Pour la gauche internationale, le paradoxe slovaque offre des leçons cruciales. Premièrement, nous ne pouvons pas céder l’opposition aux institutions occidentales à l’extrême droite. Les griefs qu’exploite Fico — concernant les politiques néolibérales, la prise de décision antidémocratique de l’UE, les interventions et stratégies de l’OTAN — sont réels et justifiés. Lorsque les progressistes ne parviennent pas à articuler une alternative qui aborde ces préoccupations, les nationalistes de droite comblent le vide avec une rhétorique qui semble anti-establishment mais sert finalement le capital.

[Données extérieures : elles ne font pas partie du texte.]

(* Let $A=[x_0,x_1]$ and $B=[y_0,y_1]$ be closed real intervals. There is an algorithm which enumerates all solutions to the one-dimensional grid problem for $A$ and $B$, i.e., all $u\in\mathbb Z[\sqrt2]$ with $u\in A$ and $u^\bullet\in B$. Moreover, the algorithm only requires a constant number of arithmetic operations per solution produced.
   Context: $\mathbb Z[\sqrt2]=\{a+b\sqrt2 : a,b\in\mathbb Z\}\subseteq\mathbb R$, and for $u=a+b\sqrt2$ its conjugate is $u^\bullet=a-b\sqrt2$. Arithmetic operations are addition, subtraction, multiplication, division, exponentiation and logarithm. *)

theory Defs
  imports Complex_Main
begin

definition zsqrt2 :: "real set" where
  "zsqrt2 = {of_int a + of_int b * sqrt 2 | a b. True}"

definition rt2_conj :: "int \<times> int \<Rightarrow> real" where
  "rt2_conj p = of_int (fst p) - of_int (snd p) * sqrt 2"

definition rt2_val :: "int \<times> int \<Rightarrow> real" where
  "rt2_val p = of_int (fst p) + of_int (snd p) * sqrt 2"

text \<open>Solutions of the 1D grid problem for A = [x0,x1], B = [y0,y1]:
  u = a + b sqrt 2 with u in A and its conjugate in B, represented by the integer
  coordinate pair (a,b) (unique since sqrt 2 is irrational).\<close>

definition grid_solutions :: "real \<Rightarrow> real \<Rightarrow> real \<Rightarrow> real \<Rightarrow> (int \<times> int) set" where
  "grid_solutions x0 x1 y0 y1 =
     {p. x0 \<le> rt2_val p \<and> rt2_val p \<le> x1 \<and> y0 \<le> rt2_conj p \<and> rt2_conj p \<le> y1}"

text \<open>Every executed instruction costs one step.\<close>

datatype instr =
    LoadConst nat int
  | Copy nat nat
  | Add nat nat nat
  | Sub nat nat nat
  | Mul nat nat nat
  | Dvd nat nat nat
  | Pow nat nat nat
  | Log nat nat nat
  | Floor nat nat
  | JumpLe nat nat nat
  | Jump nat
  | Output nat nat
  | Halt

type_synonym mstate = "nat \<times> (nat \<Rightarrow> real) \<times> (real \<times> real) list"

definition halted :: "instr list \<Rightarrow> mstate \<Rightarrow> bool" where
  "halted P s = (fst s \<ge> length P \<or> P ! fst s = Halt)"

fun exec_instr :: "instr \<Rightarrow> mstate \<Rightarrow> mstate" where
  "exec_instr (LoadConst d c) (pc, r, out) = (Suc pc, r(d := of_int c), out)"
| "exec_instr (Copy d i) (pc, r, out) = (Suc pc, r(d := r i), out)"
| "exec_instr (Add d i j) (pc, r, out) = (Suc pc, r(d := r i + r j), out)"
| "exec_instr (Sub d i j) (pc, r, out) = (Suc pc, r(d := r i - r j), out)"
| "exec_instr (Mul d i j) (pc, r, out) = (Suc pc, r(d := r i * r j), out)"
| "exec_instr (Dvd d i j) (pc, r, out) = (Suc pc, r(d := r i / r j), out)"
| "exec_instr (Pow d i j) (pc, r, out) = (Suc pc, r(d := r i powr r j), out)"
| "exec_instr (Log d i j) (pc, r, out) = (Suc pc, r(d := log (r i) (r j)), out)"
| "exec_instr (Floor d i) (pc, r, out) = (Suc pc, r(d := of_int \<lfloor>r i\<rfloor>), out)"
| "exec_instr (JumpLe i j t) (pc, r, out) = ((if r i \<le> r j then t else Suc pc), r, out)"
| "exec_instr (Jump t) (pc, r, out) = (t, r, out)"
| "exec_instr (Output i j) (pc, r, out) = (Suc pc, r, out @ [(r i, r j)])"
| "exec_instr Halt s = s"

definition step :: "instr list \<Rightarrow> mstate \<Rightarrow> mstate" where
  "step P s = (if halted P s then s else exec_instr (P ! fst s) s)"

definition run :: "instr list \<Rightarrow> nat \<Rightarrow> mstate \<Rightarrow> mstate" where
  "run P n = (step P ^^ n)"

definition init_state :: "real \<Rightarrow> real \<Rightarrow> real \<Rightarrow> real \<Rightarrow> mstate" where
  "init_state x0 x1 y0 y1 =
     (0, (\<lambda>_. 0)(0 := x0, 1 := x1, 2 := y0, 3 := y1), [])"

end

theory Submission
  imports Defs
begin

(* The unit mu = (1 + sqrt 2)^2 of Z[sqrt 2] has conjugate 1/mu, so for m = mu^k there is a u
   with u = 1/m and u\<bullet> = m, and v \<mapsto> u v maps the solutions of the grid problem for
   (m A, B/m) bijectively onto those for (A, B).  For k = floor (log_mu ((|B| + 1/(|A| + 1)) / 2))
   we get |B|/m < 12, and |m A| < 1 whenever |B|/m < 1.

   For the rescaled intervals [X0, X1] and [Y0, Y1], subtracting the two constraints on a solution
   a + b sqrt 2 confines b to X0 - Y1 \<le> 2 b sqrt 2 \<le> X1 - Y0, and for fixed b the admissible a
   form an integer interval; the program scans these rows and outputs u (a + b sqrt 2) for each
   solution.  A row with 2 b sqrt 2 farther than 12 from both ends of its range contains the
   solution with a = ceil (Y0 + b sqrt 2) once Y1 - Y0 \<ge> 1, and otherwise those rows lie in a
   window of length < 1.  So at most 15 rows are empty, and the number of steps is linear in the
   number of solutions plus one. *)

section \<open>Multiplication in Z[sqrt 2]\<close>

definition rt2_mult :: "int \<times> int \<Rightarrow> int \<times> int \<Rightarrow> int \<times> int" where
  "rt2_mult u v = (fst u * fst v + 2 * snd u * snd v, snd u * fst v + fst u * snd v)"

lemma rt2_val_mult: "rt2_val (rt2_mult u v) = rt2_val u * rt2_val v"
  by (simp add: rt2_val_def rt2_mult_def algebra_simps)

lemma rt2_conj_mult: "rt2_conj (rt2_mult u v) = rt2_conj u * rt2_conj v"
  by (simp add: rt2_conj_def rt2_mult_def algebra_simps)

lemma rt2_val_times_conj: "rt2_val u * rt2_conj u = of_int (fst u ^ 2 - 2 * snd u ^ 2)"
  by (simp add: rt2_val_def rt2_conj_def algebra_simps power2_eq_square)

lemma rt2_mult_conj_cancel:
  assumes "rt2_val u * rt2_conj u = 1"
  shows "rt2_mult u (rt2_mult (fst u, - snd u) v) = v"
proof -
  have "fst u ^ 2 - 2 * snd u ^ 2 = 1"
    using assms unfolding rt2_val_times_conj by linarith
  then have "(fst u ^ 2 - 2 * snd u ^ 2) * fst v = fst v" "(fst u ^ 2 - 2 * snd u ^ 2) * snd v = snd v"
    by simp_all
  then show ?thesis
    by (simp add: rt2_mult_def algebra_simps power2_eq_square prod_eq_iff)
qed
(* Suppose $c_1\ge-1$, $c_2\ge-1$, $c_3>\bar c_3(c_1,c_2)$. Then any $C^1$ solution $U$ of $(1-x^2)U'+2xU+\frac12U^2=P_c(x)$ in $(-1,1)$ other than $U^+$ and $U^-$ satisfies $U^-<U<U^+$ in $(-1,1)$, $U(-1)=\tau_1(c_1)$ and $U(1)=\tau_2'(c_2)$.
   Context: $P_c(x):=c_1(1-x)+c_2(1+x)+c_3(1-x^2)$; $\bar c_3(c_1,c_2):=-\frac12(\sqrt{1+c_1}+\sqrt{1+c_2})(\sqrt{1+c_1}+\sqrt{1+c_2}+2)$; $\tau_1(c_1):=2-2\sqrt{1+c_1}$, $\tau_2(c_1):=2+2\sqrt{1+c_1}$, $\tau_1'(c_2):=-2-2\sqrt{1+c_2}$, $\tau_2'(c_2):=-2+2\sqrt{1+c_2}$. $U^+$ denotes the solution on $(-1,1)$ which near $x=-1$ is given by a convergent power series $\tau_2(c_1)+\sum_{n\ge1}a_n(1+x)^n$, and $U^-$ the solution on $(-1,1)$ which near $x=1$ is given by a convergent power series $\tau_1'(c_2)+\sum_{n\ge1}b_n(1-x)^n$ (both exist on all of $(-1,1)$ under the hypotheses). $U(\pm1)$ denote one-sided limits. *)

theory Defs
  imports "HOL-Analysis.Analysis"
begin

definition Pc :: "real \<Rightarrow> real \<Rightarrow> real \<Rightarrow> real \<Rightarrow> real" where
  "Pc c1 c2 c3 x = c1 * (1 - x) + c2 * (1 + x) + c3 * (1 - x^2)"

definition c3bar :: "real \<Rightarrow> real \<Rightarrow> real" where
  "c3bar c1 c2 = - (1/2) * (sqrt (1 + c1) + sqrt (1 + c2)) * (sqrt (1 + c1) + sqrt (1 + c2) + 2)"

definition tau1 :: "real \<Rightarrow> real" where "tau1 c1 = 2 - 2 * sqrt (1 + c1)"
definition tau2 :: "real \<Rightarrow> real" where "tau2 c1 = 2 + 2 * sqrt (1 + c1)"
definition tau1' :: "real \<Rightarrow> real" where "tau1' c2 = -2 - 2 * sqrt (1 + c2)"
definition tau2' :: "real \<Rightarrow> real" where "tau2' c2 = -2 + 2 * sqrt (1 + c2)"

definition C1_solution :: "real \<Rightarrow> real \<Rightarrow> real \<Rightarrow> (real \<Rightarrow> real) \<Rightarrow> bool" where
  "C1_solution c1 c2 c3 U \<longleftrightarrow>
     (\<exists>U'. continuous_on {-1<..<1} U' \<and>
        (\<forall>x\<in>{-1<..<1}. (U has_real_derivative U' x) (at x) \<and>
           (1 - x^2) * U' x + 2 * x * U x + (1/2) * (U x)^2 = Pc c1 c2 c3 x))"

definition is_Uplus :: "real \<Rightarrow> real \<Rightarrow> real \<Rightarrow> (real \<Rightarrow> real) \<Rightarrow> bool" where
  "is_Uplus c1 c2 c3 U \<longleftrightarrow> C1_solution c1 c2 c3 U \<and>
     (\<exists>\<delta>>0. \<exists>a::nat \<Rightarrow> real. a 0 = tau2 c1 \<and>
        (\<forall>x. -1 < x \<and> x < -1 + \<delta> \<longrightarrow> (\<lambda>n. a n * (1 + x)^n) sums U x))"
theorem bipartite_edge_colouring:
  assumes fin: "finite D" and bip: "fst ` D \<inter> snd ` D = {}"
    and out_deg: "\<And>x. card {y. (x, y) \<in> D} \<le> k" and in_deg: "\<And>y. card {x. (x, y) \<in> D} \<le> k"
  shows "\<exists>col. proper_edge_colouring D col \<and> (\<forall>e\<in>D. col e < k)"
proof -
  have "\<exists>col. proper_edge_colouring F col \<and> (\<forall>e\<in>F. col e < k)" if "F \<subseteq> D" for F
    using finite_subset[OF that fin] that
  proof (induction F rule: finite_induct)
    case empty
    then show ?case by (auto simp: proper_edge_colouring_def)
  next
    case (insert e F)
    obtain u w where e: "e = (u, w)" by (cases e)
    obtain col where col: "proper_edge_colouring F col" "\<forall>e\<in>F. col e < k"
      using insert.IH insert.prems by blast
    have out_fin: "finite {y. (u, y) \<in> D}"
      by (rule finite_subset[of _ "snd ` D"]) (use fin in force)+
    have in_fin: "finite {x. (x, w) \<in> D}"
      by (rule finite_subset[of _ "fst ` D"]) (use fin in force)+
    have sub: "{y. (u, y) \<in> F} \<subset> {y. (u, y) \<in> D}" "{x. (x, w) \<in> F} \<subset> {x. (x, w) \<in> D}"
      using insert.hyps(2) insert.prems e by auto
    then have "card {y. (u, y) \<in> F} < k" "card {x. (x, w) \<in> F} < k"
      using psubset_card_mono[OF out_fin] psubset_card_mono[OF in_fin] out_deg[of u] in_deg[of w]
      by (meson order_less_le_trans)+
    moreover have "finite {y. (u, y) \<in> F}" "finite {x. (x, w) \<in> F}"
      using finite_subset[OF psubset_imp_subset[OF sub(1)] out_fin]
        finite_subset[OF psubset_imp_subset[OF sub(2)] in_fin] .
    ultimately obtain \<alpha> \<beta> where "\<alpha> < k" "\<forall>y. (u, y) \<in> F \<longrightarrow> col (u, y) \<noteq> \<alpha>"
      and "\<beta> < k" "\<forall>x. (x, w) \<in> F \<longrightarrow> col (x, w) \<noteq> \<beta>"
      using exists_colour_not_in_image[of _ k "\<lambda>y. col (u, y)"]
        exists_colour_not_in_image[of _ k "\<lambda>x. col (x, w)"] by (metis mem_Collect_eq)
    moreover have "fst ` insert (u, w) F \<inter> snd ` insert (u, w) F = {}"
      using bip insert.prems e by blast
    ultimately show ?case
      using proper_edge_colouring_extend[OF col] insert.hyps(2) e by blast
  qed
  then show ?thesis by blast
qed
lemma measure_cauchy_measure_half_lines:
  "measure cauchy_measure {0<..} = 1/2" "measure cauchy_measure {..<0} = 1/2"
proof -
  have "has_bochner_integral lborel (\<lambda>x. cauchy_density x * indicator {0<..} x) (1/2)"
    using has_bochner_integral_cauchy_Ioi by (simp add: mult.commute)
  moreover have "has_bochner_integral lborel (\<lambda>x. cauchy_density x * indicator {..<0} x) (1/2)"
    by (rule has_bochner_integral_lborel_reflect)
       (use has_bochner_integral_cauchy_Ioi in \<open>auto simp: indicator_def mult.commute\<close>)
  ultimately have "has_bochner_integral cauchy_measure (indicator {0<..}) (1/2 :: real)"
      "has_bochner_integral cauchy_measure (indicator {..<0}) (1/2 :: real)"
    by (auto intro: has_bochner_integral_cauchy_measure)
  then show "measure cauchy_measure {0<..} = 1/2" "measure cauchy_measure {..<0} = 1/2"
    by (auto dest!: has_bochner_integral_integral_eq simp: cauchy_measure_def)
qed

lemma measure_cauchy_measure_half_line_subset:
  assumes "A \<in> sets borel" and "{0<..} \<subseteq> A \<or> {..<0} \<subseteq> A"
  shows "1/2 \<le> measure cauchy_measure A"
proof -
  interpret prob_space cauchy_measure
    by (rule prob_space_cauchy_measure)
  have "A \<in> sets cauchy_measure"
    using assms(1) by (simp add: cauchy_measure_def)
  then show ?thesis
    using assms(2) finite_measure_mono measure_cauchy_measure_half_lines by metis
qed

lemma has_bochner_integral_cauchy_ln_two_sided_quadratic:
  fixes p m q :: real
  assumes "0 \<le> p" "0 \<le> m" "0 \<le> q" and pq: "0 < sqrt p + sqrt q" and mq: "0 < sqrt m + sqrt q"
  shows "has_bochner_integral cauchy_measure (\<lambda>x. ln (p * (pos_part x)\<^sup>2 + m * (neg_part x)\<^sup>2 + q))
           (ln ((sqrt p + sqrt q) * (sqrt m + sqrt q)))"
proof (rule has_bochner_integral_cauchy_measure)
  show "(\<lambda>x. ln (p * (pos_part x)\<^sup>2 + m * (neg_part x)\<^sup>2 + q)) \<in> borel_measurable borel"
    unfolding pos_part_def neg_part_def by measurable
  have "has_bochner_integral lborel (\<lambda>x. cauchy_density x * ln (p * (pos_part x)\<^sup>2 + m * (neg_part x)\<^sup>2 + q))
      (ln (sqrt p + sqrt q) + ln (sqrt m + sqrt q))"
  proof (rule has_bochner_integral_lborel_split_at_0)
    show "has_bochner_integral lborel
        (\<lambda>x. indicator {0<..} x * (cauchy_density x * ln (p * (pos_part x)\<^sup>2 + m * (neg_part x)\<^sup>2 + q)))
        (ln (sqrt p + sqrt q))"
      by (rule has_bochner_integral_cong[THEN iffD1, OF refl _ refl
            has_bochner_integral_cauchy_ln_quadratic_Ioi])
         (use assms in \<open>auto simp: indicator_def pos_part_def neg_part_def\<close>)
    show "has_bochner_integral lborel
        (\<lambda>x. indicator {0<..} x * (cauchy_density (- x) * ln (p * (pos_part (- x))\<^sup>2 + m * (neg_part (- x))\<^sup>2 + q)))
        (ln (sqrt m + sqrt q))"
      by (rule has_bochner_integral_cong[THEN iffD1, OF refl _ refl
            has_bochner_integral_cauchy_ln_quadratic_Ioi])
         (use assms in \<open>auto simp: indicator_def pos_part_def neg_part_def\<close>)
  qed (unfold pos_part_def neg_part_def, measurable)
  then show "has_bochner_integral lborel (\<lambda>x. cauchy_density x * ln (p * (pos_part x)\<^sup>2 + m * (neg_part x)\<^sup>2 + q))
      (ln ((sqrt p + sqrt q) * (sqrt m + sqrt q)))"
    using pq mq by (simp add: ln_mult)
qed

theorem mainTheorem8:
  fixes phip phim psi :: real
  assumes "phip \<ge> 0" and "phim \<ge> 0" and "psi \<ge> 0"
  defines "g \<equiv> (\<lambda>x. phip * (pos_part x)\<^sup>2 + phim * (neg_part x)\<^sup>2 + psi)"
      and "R \<equiv> (sqrt phip + sqrt psi) * (sqrt phim + sqrt psi)"
  shows "(R > 0 \<longrightarrow>
            integrable cauchy_measure (\<lambda>x. ln (g x)) \<and>
            (\<integral>x. ln (g x) \<partial>cauchy_measure) = ln R)
       \<and> (R = 0 \<longrightarrow> measure cauchy_measure {x. g x = 0} > 0)"
proof -
  have "has_bochner_integral cauchy_measure (\<lambda>x. ln (g x)) (ln R)" if "R > 0"
  proof -
    have "0 < sqrt phip + sqrt psi" "0 < sqrt phim + sqrt psi"
      using that assms(1-3) unfolding R_def zero_less_mult_iff
      by (metis add_nonneg_nonneg real_sqrt_ge_zero not_le)+
    then show ?thesis
      using has_bochner_integral_cauchy_ln_two_sided_quadratic[OF assms(1-3)] unfolding g_def R_def by blast
  qed
  moreover have "measure cauchy_measure {x. g x = 0} > 0" if "R = 0"
  proof -
    have "psi = 0" and "phip = 0 \<or> phim = 0"
      using that assms(1-3) unfolding R_def by (auto simp: add_nonneg_eq_0_iff)
    then have "{0<..} \<subseteq> {x. g x = 0} \<or> {..<0} \<subseteq> {x. g x = 0}"
      by (auto simp: g_def pos_part_def neg_part_def)
    moreover have "{x. g x = 0} \<in> sets borel"
      unfolding g_def pos_part_def neg_part_def by measurable
    ultimately show ?thesis
      using measure_cauchy_measure_half_line_subset by fastforce
  qed
  ultimately show ?thesis
    by (auto simp: has_bochner_integral_iff)
qed

end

Deuxièmement, nous devons rejeter les faux binaires. Le choix n’est pas entre un soutien inconditionnel à l’expansion de l’OTAN et l’accommodement de l’impérialisme russe. Un véritable anti-impérialisme exige de s’opposer aux deux — soutenir l’autodétermination ukrainienne contre l’agression russe et contester le complexe militaro-industriel qui profite du conflit. L’incapacité de l’opposition conservatrice et libérale à remettre en question la croissance de l’industrie d’armement, même en attaquant la corruption de Fico, montre comment la politique dominante n’offre aucune échappatoire à la militarisation.
Troisièmement, le complexe militaro-industriel fonctionne quelles que soient les divisions partisanes. Que la coalition de Fico ou l’opposition libérale gouverne, les fabricants d’armes slovaques profitent des besoins de l’Ukraine. L’industrie d’armement ne se soucie pas de la rhétorique politique ; elle se soucie des contrats et des profits. Contester cela nécessite d’aller au-delà des élections entre factions d’élite concurrentes vers la construction de mouvements capables de contester le pouvoir du capital lui-même.
Enfin, aborder les griefs économiques légitimes sans tomber dans le nationalisme nécessite d’articuler une vision positive de l’internationalisme. Les Slovaques et les Ukrainiens partagent des intérêts communs avec tous ceux des zones frontalières des blocs économiques de l’UE et russe. Construire cette solidarité — plutôt que la concurrence pour les ressources ou l’identité — est l’alternative progressiste à la manipulation cynique de Fico.
L’ambiguïté calculée de Fico se poursuivra probablement tant qu’elle servira sa survie politique et satisfera les impératifs de profit du capital slovaque. S’y opposer nécessite plus que de défendre les institutions occidentales existantes ; cela nécessite de construire une politique de gauche capable de répondre aux besoins réels des gens tout en maintenant une solidarité de principe avec ceux qui résistent à l’impérialisme sous toutes ses formes. Le paradoxe slovaque révèle non seulement l’hypocrisie de Fico, mais l’épuisement d’un cadre politique qui n’offre que des formes concurrentes de subordination. La tâche à venir est de construire de véritables alternatives.